More suggestions from similiar question ~
<http://news.ycombinator.com/item?id=58927>

------
run4yourlives
I'd learn Python honestly. It's very concise and can take you from nothing to
something without needing to change languages.

RoR might be a little difficult for a newbie, and PHP is going to give you a
lot of bad habits that you'll eventually need to break.

------
nextmoveone
The most important part is to just start, as soon as possible somewhere. Cause
you'll pick up on common practices as you go along, plus you need as much
experience as possible to produce a good app.

------
davidlee
What do you want to gain from it?

If you want to learn a lot of good practices and maintain and extend your
codebase in the future, RoR is fantastic - but may be a steep learning curve
due to all the new concepts and levels of abstraction involved, and is
somewhat harder to deploy, and probably somewhat more expensive to host.

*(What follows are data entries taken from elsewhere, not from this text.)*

lemma lrmin_append:
  "lrmin (u @ v) = lrmin u @ lrmin (filter (\<lambda>y. \<forall>z\<in>set u. y < z) v)"
proof (induction v rule: rev_induct)
  case (snoc x v)
  let ?P = "\<lambda>y. \<forall>z\<in>set u. y < z"
  have new_min: "(\<forall>y\<in>set (u @ v). x < y) \<longleftrightarrow> ?P x \<and> (\<forall>y\<in>set (filter ?P v). x < y)"
    by (auto simp: not_less) (meson not_less less_le_trans)
  have "lrmin (u @ v @ [x]) = lrmin (u @ v) @ (if \<forall>y\<in>set (u @ v). x < y then [x] else [])"
    using lrmin_snoc[of "u @ v" x] by simp
  also have "\<dots> = lrmin u @ lrmin (filter ?P (v @ [x]))"
    using snoc.IH new_min by (cases "?P x") (simp_all add: lrmin_snoc)
  finally show ?case
    by simp
qed simp

lemma lrmin_Cons [simp]: "lrmin (x # xs) = x # lrmin (filter (\<lambda>y. y < x) xs)"
  using lrmin_append[of "[x]" xs] lrmin_snoc[of "[]" x] by simp

lemma lrmin_eq_Nil_iff [simp]: "lrmin w = [] \<longleftrightarrow> w = []"
  by (cases w) auto

lemma set_lrmin_subset: "set (lrmin s) \<subseteq> set s"
  by (induction s rule: rev_induct) (auto simp: lrmin_snoc)

lemma sorted_lrmin: "sorted_wrt (>) (lrmin s)"
  by (induction s rule: rev_induct) (use set_lrmin_subset in \<open>auto simp: lrmin_snoc sorted_wrt_append\<close>)

lemma last_lrmin: "s \<noteq> [] \<Longrightarrow> last (lrmin s) = Min (set s)"
proof (induction s rule: rev_induct)
  case (snoc x xs)
  show ?case
  proof (cases "xs = []")
    case False
    show ?thesis
    proof (cases "\<forall>y\<in>set xs. x < y")
      case True
      with \<open>xs \<noteq> []\<close> show ?thesis
        by (simp add: lrmin_snoc min_def less_imp_le)
    next
      case False
      then obtain y where "y \<in> set xs" "y \<le> x"
        by (auto simp: not_less)
      then have "Min (set xs) \<le> x"
        by (meson List.finite_set Min_le order.trans)
      with \<open>xs \<noteq> []\<close> have "Min (set (xs @ [x])) = Min (set xs)"
        by (simp add: min_absorb2)
      moreover from False have "lrmin (xs @ [x]) = lrmin xs"
        by (simp only: lrmin_snoc if_False append_Nil2)
      ultimately show ?thesis
        using snoc.IH \<open>xs \<noteq> []\<close> by simp
    qed
  qed simp
qed simp

lemma last_lrmin_less:
  assumes "v \<in> set s" "v \<notin> set (lrmin s)"
  shows "last (lrmin s) < v"
proof -
  have "s \<noteq> []"
    using assms(1) by auto
  then have "last (lrmin s) \<le> v"
    using last_lrmin assms(1) by simp
  moreover have "last (lrmin s) \<noteq> v"
    using assms(2) last_in_set[of "lrmin s"] \<open>s \<noteq> []\<close> by auto
  ultimately show ?thesis
    by (rule le_neq_trans)
qed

If you want to "hack something together quickly" to deploy cheaply on any of a
wide range of hosting providers, PHP provides a famously productive way to
make a mess^H^H^H^H simple web app.

------
gscott
When I first learned a scripting language I learned from examples, go here for
lots of free examples: <http://www.codango.com/>. Besides scripting learn sql
and how to normalize tables.

------
german
Lets start from the beginning: It's a Webapp right?... so, I asume you already
know HTML and CSS, or maybe Flash...

If you don't, start learning it.